* Work to complete *
Wherever the word "then" occurs in the lines below, copy the whole line.

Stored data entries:
################

lemma split_le: "L (X, Y, Z) \<le> L (X, 0, 0) + L (0, Y, 0) + L (0, 0, Z - X * Y)"
proof -
  have "L (X, Y, Z) = L (heis_mult (X, 0, 0) (heis_mult (0, Y, 0) (0, 0, Z - X * Y)))"
    by (simp add: heis_mult_def)
  then show ?thesis
    using mult3_le by simp
qed

lemma commutator_le:
  "L (0, 0, q * m)
    \<le> 2 * real_of_int \<bar>q\<bar> * L (1, 0, 0) + 2 * real_of_int \<bar>m\<bar> * L (0, 1, 0) + 4 * L heis_one"
proof -
  have "L (0, 0, q * m)
      = L (heis_mult (q, 0, 0) (heis_mult (0, m, 0) (heis_mult (- q, 0, 0) (0, - m, 0))))"
    by (simp add: heis_mult_def)
  also have "\<dots> \<le> L (q, 0, 0) + L (0, m, 0) + L (- q, 0, 0) + L (0, - m, 0)"
    using mult3_le[of "(q, 0, 0)" "(0, m, 0)" "heis_mult (- q, 0, 0) (0, - m, 0)"]
      mult_le[of "(- q, 0, 0)" "(0, - m, 0)"]
    by linarith
  also have "\<dots>
      \<le> 2 * real_of_int \<bar>q\<bar> * L (1, 0, 0) + 2 * real_of_int \<bar>m\<bar> * L (0, 1, 0) + 4 * L heis_one"
    using scaled_le[where x = 1 and y = 0 and z = 0 and k = q]
      scaled_le[where x = 1 and y = 0 and z = 0 and k = "- q"]
      scaled_le[where x = 0 and y = 1 and z = 0 and k = m]
      scaled_le[where x = 0 and y = 1 and z = 0 and k = "- m"]
    by simp
  finally show ?thesis .
qed

definition gen_norm :: real where
  "gen_norm = L (1, 0, 0) + L (0, 1, 0) + L (0, 0, 1) + L heis_one"

lemma gen_norm_ge:
  "L (1, 0, 0) \<le> gen_norm" "L (0, 1, 0) \<le> gen_norm" "L (0, 0, 1) \<le> gen_norm"
  "L heis_one \<le> gen_norm"
  unfolding gen_norm_def
  using nonneg[of "(1, 0, 0)"] nonneg[of "(0, 1, 0)"] nonneg[of "(0, 0, 1)"] nonneg[of heis_one]
  by linarith+

lemma central_le:
  assumes "m \<ge> 1" "\<bar>W\<bar> \<le> m\<^sup>2"
  shows "L (0, 0, W) \<le> 5 * gen_norm * real_of_int m"
proof -
  define q r where "q = W div m" and "r = W mod m"
  have W: "W = q * m + r" and r: "0 \<le> r" "r < m"
    using assms(1) by (simp_all add: q_def r_def)
  have "\<bar>q\<bar> * m = \<bar>W - r\<bar>"
    using W assms(1) by (simp add: abs_mult)
  also have "\<dots> \<le> (m + 1) * m"
    using assms(2) r by (simp add: power2_eq_square algebra_simps)
  finally have q: "\<bar>q\<bar> \<le> 2 * m"
    using assms(1) by simp
  have "L (0, 0, W) = L (heis_mult (0, 0, q * m) (0, 0, r))"
    using W by (simp add: heis_mult_def)
  also have "\<dots> \<le> L (0, 0, q * m) + L (0, 0, r)"
    by (rule mult_le)
  also have "\<dots> \<le> 2 * \<bar>q\<bar> * L (1, 0, 0) + 2 * m * L (0, 1, 0) + 4 * L heis_one
      + (r * L (0, 0, 1) + L heis_one)"
    using commutator_le[of q m] scaled_le[where x = 0 and y = 0 and z = 1 and k = r] r assms(1)
    by simp
  also have "\<dots> \<le> 5 * gen_norm * m"
  proof -
    have "\<bar>q\<bar> * L (1, 0, 0) \<le> (2 * m) * L (1, 0, 0)" "r * L (0, 0, 1) \<le> m * L (0, 0, 1)"
      "0 \<le> m * L (1, 0, 0)" "0 \<le> m * L (0, 1, 0)" "0 \<le> m * L (0, 0, 1)"
      using q r assms(1) nonneg by (auto intro!: mult_right_mono)
    moreover have "L heis_one \<le> m * L heis_one"
      using mult_right_mono[of 1 "real_of_int m"] assms(1) nonneg[of heis_one] by simp
    ultimately show ?thesis
      unfolding gen_norm_def by (simp add: algebra_simps)
  qed
  finally show ?thesis .
qed

lemma pow_square_le:
  assumes "k \<ge> 1"
  shows "L (heis_pow (x, y, z) (k * k))
    \<le> real (k * k) * (6 * gen_norm * (\<bar>x\<bar> + \<bar>y\<bar>)) + real k * (7 * gen_norm * (\<bar>z\<bar> + 1))"
proof -
  define n where "n = k * k"
  define W where "W = int n * z + x * y * int (n choose 2) - (int n * x) * (int n * y)"
  define m where "m = int n * (\<bar>x\<bar> + \<bar>y\<bar>) + int k * (\<bar>z\<bar> + 1)"
  have "int k * 1 \<le> int k * (\<bar>z\<bar> + 1)" "0 \<le> int n * (\<bar>x\<bar> + \<bar>y\<bar>)"
    by (intro mult_left_mono) auto
  then have m: "m \<ge> 1"
    using assms unfolding m_def by linarith
  have one_le_kz: "1 \<le> real k * (\<bar>z\<bar> + 1)"
    using assms by (intro mult_ge1_I) auto
  have "\<bar>W\<bar> \<le> m\<^sup>2"
    unfolding W_def m_def n_def by (rule heis_pow_square_central_defect_le[OF assms])
  have "L (heis_pow (x, y, z) n) \<le> L (int n * x, 0, 0) + L (0, int n * y, 0) + L (0, 0, W)"
    unfolding W_def heis_pow_eq by (rule split_le)
  also have "\<dots> \<le> (real n * \<bar>x\<bar> * L (1, 0, 0) + L heis_one)
      + (real n * \<bar>y\<bar> * L (0, 1, 0) + L heis_one) + 5 * gen_norm * m"
    using scaled_le[where x = 1 and y = 0 and z = 0 and k = "int n * x"]
      scaled_le[where x = 0 and y = 1 and z = 0 and k = "int n * y"]
      central_le[OF m \<open>\<bar>W\<bar> \<le> m\<^sup>2\<close>]
    by (simp add: abs_mult)
  also have "\<dots> \<le> real n * (6 * gen_norm * (\<bar>x\<bar> + \<bar>y\<bar>)) + real k * (7 * gen_norm * (\<bar>z\<bar> + 1))"
  proof -
    have "real n * \<bar>x\<bar> * L (1, 0, 0) \<le> real n * \<bar>x\<bar> * gen_norm"
      "real n * \<bar>y\<bar> * L (0, 1, 0) \<le> real n * \<bar>y\<bar> * gen_norm"
      using gen_norm_ge by (auto intro!: mult_left_mono)
    moreover have "gen_norm * 1 \<le> gen_norm * (real k * (\<bar>z\<bar> + 1))"
      using one_le_kz gen_norm_ge(4) nonneg[of heis_one] by (intro mult_left_mono) auto
    ultimately show ?thesis
      using gen_norm_ge(4) unfolding m_def by (simp add: algebra_simps)
  qed
  finally show ?thesis
    unfolding n_def .
qed

lemma stable_norm_le:
  assumes "n \<ge> 1"
  shows "stable_norm L g \<le> L (heis_pow g n) / n"
proof -
  have "(\<lambda>n. L (heis_pow g n) / n) \<longlonglongrightarrow> (INF n\<in>{1..}. L (heis_pow g n) / n)"
    by (rule subadditive_tendsto_Inf[where a = "\<lambda>n. L (heis_pow g n)"])
      (simp_all add: heis_pow_add mult_le nonneg)
  then have "stable_norm L g = (INF n\<in>{1..}. L (heis_pow g n) / n)"
    unfolding stable_norm_def by (rule limI)
  also have "\<dots> \<le> L (heis_pow g n) / n"
    using assms by (auto intro!: cINF_lower bdd_belowI[where m = 0] divide_nonneg_nonneg nonneg)
  finally show ?thesis .
qed

end

theorem corollary24:
  fixes L :: "heis \<Rightarrow> real"
  assumes "heis_seminorm L"
  shows "\<exists>K::real. \<forall>x y z :: int.
           stable_norm L (x, y, z) \<le> K * (real_of_int \<bar>x\<bar> + real_of_int \<bar>y\<bar>)"
proof -
  interpret heis_seminormed L
    by (rule heis_seminormed.intro) (rule assms)
  show ?thesis
  proof (intro exI allI)
    fix x y z :: int
    define s where "s = real_of_int \<bar>x\<bar> + real_of_int \<bar>y\<bar>"
    define c where "c = 7 * gen_norm * (\<bar>z\<bar> + 1)"
    have "stable_norm L (x, y, z) \<le> 6 * gen_norm * s + c / real k" if "k \<ge> 1" for k
    proof -
      have "stable_norm L (x, y, z) \<le> L (heis_pow (x, y, z) (k * k)) / real (k * k)"
        using that by (intro stable_norm_le) simp
      also have "\<dots> \<le> (real (k * k) * (6 * gen_norm * s) + real k * c) / real (k * k)"
        using pow_square_le[OF that, of x y z] unfolding s_def c_def by (simp add: divide_right_mono)
      also have "\<dots> = 6 * gen_norm * s + c / real k"
        using that by (simp add: field_simps)
      finally show ?thesis .
    qed
    moreover have "(\<lambda>k. 6 * gen_norm * s + c / real k) \<longlonglongrightarrow> 6 * gen_norm * s"
      using tendsto_add[OF tendsto_const lim_const_over_n] by simp
    ultimately show "stable_norm L (x, y, z) \<le> 6 * gen_norm * s"
      by (intro LIMSEQ_le_const) auto
  qed
qed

################

* Result of this task *
  then show ?thesis
  then have m: "m \<ge> 1"
  then have "stable_norm L g = (INF n\<in>{1..}. L (heis_pow g n) / n)"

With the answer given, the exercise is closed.